ReLU (rectified linear unit): sparse, fast to compute, avoids vanishing gradient—the default choice for hidden layers
Sigmoid: output in \((0,1)\)—useful for binary probability outputs
tanh: output in \((-1,1)\)—zero-centered, often used in recurrent networks

The choice of activation function matters a lot in practice. ReLU and its variants (leaky ReLU, GELU) dominate modern architectures. The key property is that the derivative is non-zero in at least some region—this allows gradients to flow during training.

Backpropagation

Backprop Is Reverse-Mode Autodiff

Recall from the autodifferentiation lecture:
- Reverse mode: one forward pass + one backward pass computes the gradient w.r.t. all parameters in \(O(1)\) function evaluations
- Cost ∝ cost of the forward pass, regardless of parameter number
Backpropagation is exactly reverse-mode autodiff applied to a neural network: \[\frac{\partial L}{\partial w_{ij}^{(\ell)}} = \frac{\partial L}{\partial a_j^{(\ell)}} \cdot \frac{\partial a_j^{(\ell)}}{\partial z_j^{(\ell)}} \cdot \frac{\partial z_j^{(\ell)}}{\partial w_{ij}^{(\ell)}}\] where \(z_j^{(\ell)} = \mathbf{w}_j^{(\ell)\top}\mathbf{a}^{(\ell-1)} + b_j^{(\ell)}\) and \(a_j^{(\ell)} = \sigma(z_j^{(\ell)})\)

This is the chain rule, applied layer by layer, moving backwards through the network. The “delta” terms are the error signals propagated from the output. Modern frameworks (PyTorch, JAX, TensorFlow) implement this automatically—you never write backprop by hand.

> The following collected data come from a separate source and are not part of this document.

lemma first_order_coefficient_eq_0:
  assumes pos: "\<forall>i. p $ i > 0"
    and inv: "\<forall>\<^sub>F u in at 0. F p (dfe p + y u) = \<eta> u *\<^sub>R w u"
    and y: "((\<lambda>u. y u /\<^sub>R u) \<longlongrightarrow> v) (at 0)" and w: "(w \<longlongrightarrow> v) (at 0)"
    and \<eta>: "((\<lambda>u. \<eta> u / u) \<longlongrightarrow> \<eta>1) (at 0)"
    and v: "jac_dfe p v = 0" "v \<noteq> 0"
  shows "\<eta>1 = 0"
proof -
  have y0: "(y \<longlongrightarrow> 0) (at 0)"
    using y by (rule tendsto_zero_if_scaled_tendsto)
  have "((\<lambda>u. jac_dfe p (y u /\<^sub>R u)
        + (bet p * (y u /\<^sub>R u) $ 4 / (DD p * (y u $ 4 + DD p))) *\<^sub>R incidence_defect p (y u))
      \<longlongrightarrow> jac_dfe p v
        + (bet p * v $ 4 / (DD p * ((0::real^5) $ 4 + DD p))) *\<^sub>R incidence_defect p 0) (at 0)"
    (is "(?E \<longlongrightarrow> ?L) _")
    using params_pos[OF pos] by (intro tendsto_intros tendsto_vec_nth y y0) auto
  moreover have "\<forall>\<^sub>F u in at 0. ?E u = (\<eta> u / u) *\<^sub>R w u"
    using inv eventually_dfe_denominator_pos[OF pos y0]
  proof eventually_elim
    case (elim u)
    then show ?case
      using F_dfe_scaled_first[OF pos, of "y u" u] by (simp add: divide_inverse mult.commute)
  qed
  ultimately have "((\<lambda>u. (\<eta> u / u) *\<^sub>R w u) \<longlongrightarrow> ?L) (at 0)"
    by (rule Lim_transform_eventually)
  with tendsto_scaleR[OF \<eta> w] have "\<eta>1 *\<^sub>R v = ?L"
    by (rule tendsto_unique[OF trivial_limit_at])
  then have "\<eta>1 *\<^sub>R v = 0"
    using v(1) by (simp add: linear_0[OF linear_incidence_defect])
  then show ?thesis
    using v(2) by simp
qed
(* Let $\boldsymbol{\Sigma}\in\mathbb{R}^{d\times d}$ be a symmetric positive semidefinite matrix with eigenvalues $\lambda_1^\star\ge\lambda_2^\star\ge\dots\ge\lambda_d^\star$ and corresponding orthonormal eigenvectors $\mathbf{u}_1^\star,\dots,\mathbf{u}_d^\star$, and assume $1=\lambda_1^\star>\lambda_2^\star>\cdots$. Let $k\in\{1,\dots,d-1\}$, let $\mathbf{v}_{1,\ell-1},\dots,\mathbf{v}_{k-1,\ell-1}\in\mathbb{R}^d$ be unit vectors, define $$\boldsymbol{\Sigma}_{k,\ell}=\boldsymbol{\Sigma}-\sum_{k'=1}^{k-1}\big(\mathbf{v}_{k',\ell-1}^\top\boldsymbol{\Sigma}\mathbf{v}_{k',\ell-1}\big)\mathbf{v}_{k',\ell-1}\mathbf{v}_{k',\ell-1}^\top,$$ and let $\mathbf{u}_{k,\ell}$ denote the (unit-norm) top eigenvector of $\boldsymbol{\Sigma}_{k,\ell}$. If for some $c_0>1$ $$\sum_{k'=1}^{k-1}\lambda_{k'}^\star\|\mathbf{u}_{k'}^\star-\mathbf{v}_{k',\ell-1}\|_2\le\frac{c_0-1}{4c_0}\big(\lambda_k^\star-\lambda_{k+1}^\star\big),$$ then $$\|\mathbf{u}_{k,\ell}-\mathbf{u}_k^\star\|_2\le\frac{4c_0}{\lambda_k^\star-\lambda_{k+1}^\star}\sum_{k'=1}^{k-1}\lambda_{k'}^\star\|\mathbf{u}_{k'}^\star-\mathbf{v}_{k',\ell-1}\|_2 .$$
   Context: The vectors $\mathbf{v}_{k',\ell-1}$ play the role of the current estimates (from communication round $\ell-1$) of the first $k-1$ eigenvectors in a parallel deflation scheme; $\boldsymbol{\Sigma}_{k,\ell}$ is the corresponding deflated matrix. The top eigenvector of a symmetric matrix is a unit eigenvector for its largest eigenvalue. *)

theory Defs
  imports "HOL-Analysis.Analysis"
begin

definition outer :: "real^'n \<Rightarrow> real^'n \<Rightarrow> real^'n^'n" where
  "outer v w = (\<chi> i j. v $ i * w $ j)"

definition deflated :: "real^'n^'n \<Rightarrow> (nat \<Rightarrow> real^'n) \<Rightarrow> nat \<Rightarrow> real^'n^'n" where
  "deflated S v k = S - (\<Sum>k'\<in>{1..<k}. (v k' \<bullet> (S *v v k')) *\<^sub>R outer (v k') (v k'))"

definition is_top_eigvec :: "real^'n^'n \<Rightarrow> real^'n \<Rightarrow> bool" where
  "is_top_eigvec A w \<longleftrightarrow> norm w = 1 \<and>
     (\<exists>\<mu>. A *v w = \<mu> *\<^sub>R w \<and> (\<forall>\<nu> x. x \<noteq> 0 \<and> A *v x = \<nu> *\<^sub>R x \<longrightarrow> \<nu> \<le> \<mu>))"

end

(*
  Write M for the deflated matrix and mu for the eigenvalue of its top eigenvector w.
  Courant-Fischer with a test vector in span(u_1..u_k) orthogonal to v_1..v_{k-1}
  gives mu >= lambda_k; expanding the Rayleigh quotient of w in the eigenbasis gives
  mu <= lambda_k + 4 eps, where eps = sum_{k'<k} lambda_k' |u_k' - v_k'|.
  Taking the coordinates c_j = <w, u_j> in the eigen-equation M w = mu w, every
  coordinate j <> k is controlled by the gap g = lambda_k - lambda_{k+1}: for j > k
  directly, and for j < k because the deflation weight v_j^T S v_j is close to
  lambda_j from below. Summing the squares gives (g - 2 eps)^2 (1 - c_k^2) <= 5/2 eps^2
  when eps is small compared with g, which bounds |w - u_k|; when eps is large the
  hypothesis forces c0 >= 5/2 and the trivial bound |w - u_k| <= sqrt 2 suffices.
*)
theory Submission
  imports Defs
begin

lemma outer_mult_vec: "outer v v *v x = (v \<bullet> x) *\<^sub>R (v::real^'n)"
  by (simp add: outer_def matrix_vector_mult_def inner_vec_def vec_eq_iff sum_distrib_left
      mult.commute mult.left_commute)

lemma sum_matrix_vector_mult: "sum f A *v (x::real^'n) = (\<Sum>i\<in>A. f i *v x)"
  by (induct A rule: infinite_finite_induct) (auto simp: matrix_vector_mult_add_rdistrib)

lemma deflated_mult_vec:
  "deflated S v k *v x = S *v x - (\<Sum>i\<in>{1..<k}. ((v i \<bullet> (S *v v i)) * (v i \<bullet> x)) *\<^sub>R v i)"
  by (simp add: deflated_def matrix_vector_mult_diff_rdistrib sum_matrix_vector_mult outer_mult_vec
      flip: scaleR_matrix_vector_assoc)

The connection to autodiff is important: backprop is not a special algorithm unique to neural networks. It is a special case of reverse-mode AD applied to a specific computational graph. JAX’s jax.grad computes this for any function, not just neural networks.

Training loop in practice

import jax
import jax.numpy as jnp
import optax  # gradient-based optimizers

# Define network forward pass
def predict(params, x):
    for W, b in params[:-1]:
        x = jax.nn.relu(x @ W + b)
    W, b = params[-1]
    return x @ W + b

# Loss function
def loss_fn(params, x_batch, y_batch):
    preds = predict(params, x_batch)
    return jnp.mean((preds - y_batch) ** 2)

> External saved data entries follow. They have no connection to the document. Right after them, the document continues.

text \<open>Inside a block, the lengths of the words are the partial sums of d, since the first
  word (over an element of rank 0) is empty.\<close>
lemma block_word_lengths:
  assumes C: "maxchain_list A le C" and fs: "length fs = length C"
    and zs: "maxchain_list PT lePT (zip C fs)" and d: "length d = length C - 1"
    and steps: "\<forall>i\<in>{1..<length C}. int (length (fs ! i)) - int (length (fs ! (i - 1))) = int (d ! (i - 1))"
    and i: "i < length C"
  shows "length (fs ! i) = psum d i"
  using i
proof (induction i)
  case 0
  then show ?case using words_along_maxchain(4)[OF C fs zs, of 0 0] by (simp add: psum_def)
next
  case (Suc i)
  then have "int (length (fs ! Suc i)) - int (length (fs ! i)) = int (d ! i)"
    using steps by force
  then show ?case using Suc d by (simp add: psum_Suc)
qed

text \<open>Every chain in the block [C,d] is the lift of the word over the top element x_m.\<close>
lemma block_member_is_lift:
  assumes C: "maxchain_list A le C" and d: "length d = length C - 1"
    and ys: "ys \<in> block A le t n C d"
  shows "\<exists>g\<in>words t (sum_list d). ys = lift_chain C d g"
proof -
  obtain fs where fs: "length fs = length C" and ys: "ys = Bot # map Elem (zip C fs) @ [Top]"
    and zs: "maxchain_list PT lePT (zip C fs)"
    and steps: "\<forall>i\<in>{1..<length C}. int (length (fs ! i)) - int (length (fs ! (i - 1))) = int (d ! (i - 1))"
    using ys by (auto simp: block_iff)
  note len = block_word_lengths[OF C fs zs d steps]
  define m where "m = length C"
  have m: "0 < m" using maxchain_nonempty[OF C] by (simp add: m_def)
  define G where "G = fs ! (m - 1)"
  have "fs = word_chain d (length C) G"
  proof (rule nth_equalityI)
    fix i assume "i < length fs"
    then have i: "i < m" using fs by (simp add: m_def)
    have "prefix (fs ! i) G" using words_along_maxchain(1)[OF C fs zs, of i "m - 1"] i
      by (simp add: G_def m_def)
    then have "fs ! i = take (length (fs ! i)) G" by (rule prefix_eq_take)
    also have "\<dots> = word_chain d (length C) G ! i" using len i by (simp add: word_chain_nth m_def)
    finally show "fs ! i = word_chain d (length C) G ! i" .
  qed (simp add: fs)
  moreover have "G \<in> tree_T t n" "length G = sum_list d"
    using words_along_maxchain(3)[OF C fs zs, of "m - 1"] len[of "m - 1"] m psum_all[of d "m - 1"] d
    by (simp_all add: G_def m_def)
  ultimately show ?thesis using ys by (auto simp: words_def tree_T_def lift_chain_def)
qed

lemma lift_in_block:
  assumes C: "maxchain_list A le C" and d: "length d = length C - 1" "set d \<subseteq> {0, 1}"
    and g: "g \<in> words t (sum_list d)"
  shows "lift_chain C d g \<in> block A le t n C d"
proof -
  define fs where "fs = word_chain d (length C) g"
  have g_len: "length g = sum_list d" using g by (simp add: words_def)
  have "int (length (fs ! i)) - int (length (fs ! (i - 1))) = int (d ! (i - 1))"
    if "i \<in> {1..<length C}" for i
  proof -
    have "i - 1 < length C" "i < length C" using that by auto
    then have "length (fs ! i) = psum d i" "length (fs ! (i - 1)) = psum d (i - 1)"
      using g_len by (simp_all only: fs_def length_word_chain_nth)
    moreover have "i - 1 < length d" "Suc (i - 1) = i" using that d(1) by auto
    ultimately show ?thesis using psum_Suc[of "i - 1" d] by simp
  qed
  moreover have "maxchain_list PT lePT (zip C fs)"
    using lift_maxchain[OF C d(2)] g by (simp add: fs_def words_def)
  ultimately show ?thesis
    unfolding block_iff by (intro exI[of _ fs]) (simp add: fs_def lift_chain_def)
qed

lemma block_eq_image:
  assumes C: "maxchain_list A le C" and d: "length d = length C - 1" "set d \<subseteq> {0, 1}"
  shows "block A le t n C d = lift_chain C d ` words t (sum_list d)"
  using block_member_is_lift[OF C d(1)] lift_in_block[OF C d] by blast

text \<open>Hence |[C,d]| = t^(d_1 + ... + d_m): the lifting is injective, since the top word of the
  lift of g is g itself.\<close>
lemma card_block:
  assumes C: "maxchain_list A le C" and d: "length d = length C - 1" "set d \<subseteq> {0, 1}"
  shows "card (block A le t n C d) = t ^ sum_list d"
proof -
  have "inj_on (lift_chain C d) (words t (sum_list d))"
  proof (rule inj_onI)
    fix g h assume g: "g \<in> words t (sum_list d)" and h: "h \<in> words t (sum_list d)"
      and "lift_chain C d g = lift_chain C d h"
    then have "zip C (word_chain d (length C) g) = zip C (word_chain d (length C) h)"
      by (simp add: lift_chain_def map_Elem_eq_iff)
    then have "map snd (zip C (word_chain d (length C) g)) = map snd (zip C (word_chain d (length C) h))"
      by (rule arg_cong)
    then have "word_chain d (length C) g = word_chain d (length C) h" by simp
    moreover have "length C - 1 < length C" using maxchain_nonempty[OF C] by simp
    ultimately have "take (psum d (length C - 1)) g = take (psum d (length C - 1)) h"
      by (metis word_chain_nth)
    then show "g = h" using g h psum_all[of d "length C - 1"] d(1) by (simp add: words_def)
  qed
  then have "card (block A le t n C d) = card (words t (sum_list d))"
    by (simp add: block_eq_image[OF assms] card_image)
  also have "\<dots> = t ^ sum_list d" using card_lists_length_eq[of "{1..t}"] by (simp add: words_def)
  finally show ?thesis .
qed

text \<open>Every maximal chain of the hat of P * T_{t,n} lies in some block [C,d] with d a 0/1
  sequence: C is its projection to P and d records where the word grows.\<close>
lemma block_cover:
  assumes ys: "maxchain_list (hat_carrier PT) (hat_le lePT) ys"
  shows "\<exists>C d. maxchain_list A le C \<and> length d = length C - 1 \<and> set d \<subseteq> {0, 1} \<and>
    ys \<in> block A le t n C d"
proof -
  obtain zs where ys_eq: "ys = Bot # map Elem zs @ [Top]" and zs: "maxchain_list PT lePT zs"
    using ys maxchain_list_hat[of PT lePT, OF PT_refl] by blast
  define C where "C = map fst zs"
  define fs where "fs = map snd zs"
  have C: "maxchain_list A le C" using maxchain_PT_fst[OF zs] by (simp add: C_def)
  have fs: "length fs = length C" and zip: "zip C fs = zs"
    by (simp_all add: C_def fs_def zip_map_fst_snd)
  define d where "d = map (\<lambda>i. length (fs ! Suc i) - length (fs ! i)) [0..<length C - 1]"
  have d_len: "length d = length C - 1" by (simp add: d_def)
  have step: "length (fs ! i) \<le> length (fs ! Suc i)" "length (fs ! Suc i) \<le> length (fs ! i) + 1"
    if "Suc i < length C" for i
    using words_along_maxchain[OF C fs, of i "Suc i"] zs zip that prefix_length_le by auto
  have "set d \<subseteq> {0, 1}"
  proof
    fix x assume "x \<in> set d"
    then obtain i where "i < length C - 1" "x = length (fs ! Suc i) - length (fs ! i)"
      by (auto simp: d_def)
    moreover have "Suc i < length C" using \<open>i < length C - 1\<close> by simp
    ultimately show "x \<in> {0, 1}" using step[of i] by auto
  qed
  moreover have "ys \<in> block A le t n C d"
    unfolding block_iff
  proof (intro exI conjI ballI)
    fix i assume "i \<in> {1..<length C}"
    then show "int (length (fs ! i)) - int (length (fs ! (i - 1))) = int (d ! (i - 1))"
      using step[of "i - 1"] by (auto simp: d_def)
  qed (use fs ys_eq zip zs in auto)
  ultimately show ?thesis using C d_len by blast
qed

lemma maxchains_eq_union_blocks:
  "(\<Union>C\<in>{C. maxchain_list A le C}.
      \<Union>d\<in>{d. length d = length C - 1 \<and> set d \<subseteq> {0, 1}}. block A le t n C d)
    = {ys. maxchain_list (hat_carrier PT) (hat_le lePT) ys}"
proof (intro equalityI subsetI)
  fix ys assume "ys \<in> (\<Union>C\<in>{C. maxchain_list A le C}.
          \<Union>d\<in>{d. length d = length C - 1 \<and> set d \<subseteq> {0, 1}}. block A le t n C d)"
  then obtain C d where "ys \<in> block A le t n C d" by blast
  then show "ys \<in> {ys. maxchain_list (hat_carrier PT) (hat_le lePT) ys}" by (simp add: block_def)
next
  fix ys assume "ys \<in> {ys. maxchain_list (hat_carrier PT) (hat_le lePT) ys}"
  then obtain C d where "maxchain_list A le C" "length d = length C - 1" "set d \<subseteq> {0, 1}"
    "ys \<in> block A le t n C d"
    using block_cover by blast
  then show "ys \<in> (\<Union>C\<in>{C. maxchain_list A le C}.
          \<Union>d\<in>{d. length d = length C - 1 \<and> set d \<subseteq> {0, 1}}. block A le t n C d)"
    by blast
qed

end

theorem proposition3p1:
  fixes A :: "'a set" and le :: "'a \<Rightarrow> 'a \<Rightarrow> bool" and n t :: nat
  assumes "finite A" and "is_poset A le" and "semipure A le" and "poset_length A le n"
    and "t \<ge> 1"
  shows "((\<Union>C\<in>{C. maxchain_list A le C}.
            \<Union>d\<in>{d. length d = length C - 1 \<and> set d \<subseteq> {0, 1}}. block A le t n C d)
         = {ys. maxchain_list (hat_carrier (rees_carrier A le (tree_T t n) prefix))
                              (hat_le (rees_le A le (tree_T t n) prefix)) ys})
    \<and> (\<forall>C C' d d'. maxchain_list A le C \<and> maxchain_list A le C' \<and>
            length d = length C - 1 \<and> set d \<subseteq> {0, 1} \<and>
            length d' = length C' - 1 \<and> set d' \<subseteq> {0, 1} \<and> (C, d) \<noteq> (C', d') \<longrightarrow>
            block A le t n C d \<inter> block A le t n C' d' = {})
    \<and> (\<forall>C d. maxchain_list A le C \<and> length d = length C - 1 \<and> set d \<subseteq> {0, 1} \<longrightarrow>
            card (block A le t n C d) = t ^ sum_list d)"
proof -
  interpret rees_tree A le n t
    using assms by unfold_locales
  show ?thesis
  proof (intro conjI allI impI)
    fix C C' :: "'a list" and d d' :: "nat list"
    assume "maxchain_list A le C \<and> maxchain_list A le C' \<and>
      length d = length C - 1 \<and> set d \<subseteq> {0, 1} \<and>
      length d' = length C' - 1 \<and> set d' \<subseteq> {0, 1} \<and> (C, d) \<noteq> (C', d')"
    then show "block A le t n C d \<inter> block A le t n C' d' = {}"
      using block_determines[of _ A le t n C d C' d'] by blast
  next
    fix C :: "'a list" and d :: "nat list"
    assume "maxchain_list A le C \<and> length d = length C - 1 \<and> set d \<subseteq> {0, 1}"
    then show "card (block A le t n C d) = t ^ sum_list d" using card_block by blast
  qed (rule maxchains_eq_union_blocks)
qed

# Gradient via reverse-mode autodiff
grad_fn = jax.jit(jax.grad(loss_fn))

# Stochastic gradient descent step
optimizer = optax.adam(learning_rate=1e-3)
opt_state = optimizer.init(params)

for x_batch, y_batch in dataloader:
    grads = grad_fn(params, x_batch, y_batch)
    updates, opt_state = optimizer.update(grads, opt_state)
    params = optax.apply_updates(params, updates)

Point out that jax.grad does all the backpropagation automatically. The user just specifies the forward pass and the loss. The training loop is: compute gradient, update parameters, repeat. Mini-batching (not the full dataset each step) makes this tractable for large datasets.

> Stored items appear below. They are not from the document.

lemma card_eq_twice_card_odd_if_reflective:
  fixes S :: "nat set"
  assumes "odd D" "\<And>x. x \<in> S \<Longrightarrow> x < D \<and> D - x \<in> S"
  shows "card S = 2 * card {x \<in> S. odd x}"
proof -
  have "finite S" using assms(2) by (meson finite_lessThan finite_subset lessThan_iff subsetI)
  have "{x \<in> S. even x} = (\<lambda>x. D - x) ` {x \<in> S. odd x}"
  proof safe
    fix x assume "x \<in> S" "even x"
    moreover from assms(2)[OF \<open>x \<in> S\<close>] have "x < D" "D - x \<in> S" by auto
    ultimately have "D - x \<in> S" "odd (D - x)" "x = D - (D - x)" using assms(1) by auto
    then show "x \<in> (\<lambda>x. D - x) ` {x \<in> S. odd x}" by blast
  qed (use assms in auto)
  moreover have "inj_on (\<lambda>x. D - x) {x \<in> S. odd x}"
    using assms(2) by (intro inj_onI) (metis diff_diff_cancel less_imp_le mem_Collect_eq)
  moreover have "card S = card {x \<in> S. odd x} + card {x \<in> S. even x}"
    using \<open>finite S\<close> by (subst card_Un_disjoint[symmetric]) (auto intro: arg_cong[where f = card])
  ultimately show ?thesis by (simp add: card_image)
qed

lemma odd_prod_list_iff: "odd (prod_list xs) \<longleftrightarrow> (\<forall>x\<in>set xs. odd (x :: nat))"
  by (induction xs) auto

The non-convex optimization landscape

Unlike ridge regression or LASSO, the neural network loss surface is non-convex
- Multiple local minima exist
- The landscape has saddle points and flat regions (“plateaus”)
Classical convex optimization guarantees do not apply
Yet in practice, large overparameterized networks train reliably. Why?
- In very high dimensions, local minima tend to have similar loss values
- Stochastic gradient descent (SGD) acts as an implicit regularizer—it finds “flat” minima that generalize better than sharp ones

This is an active research area. The key empirical observation is that for sufficiently overparameterized models, the loss landscape has very few “bad” local minima. Most local minima are near the global minimum. This is not true for small networks.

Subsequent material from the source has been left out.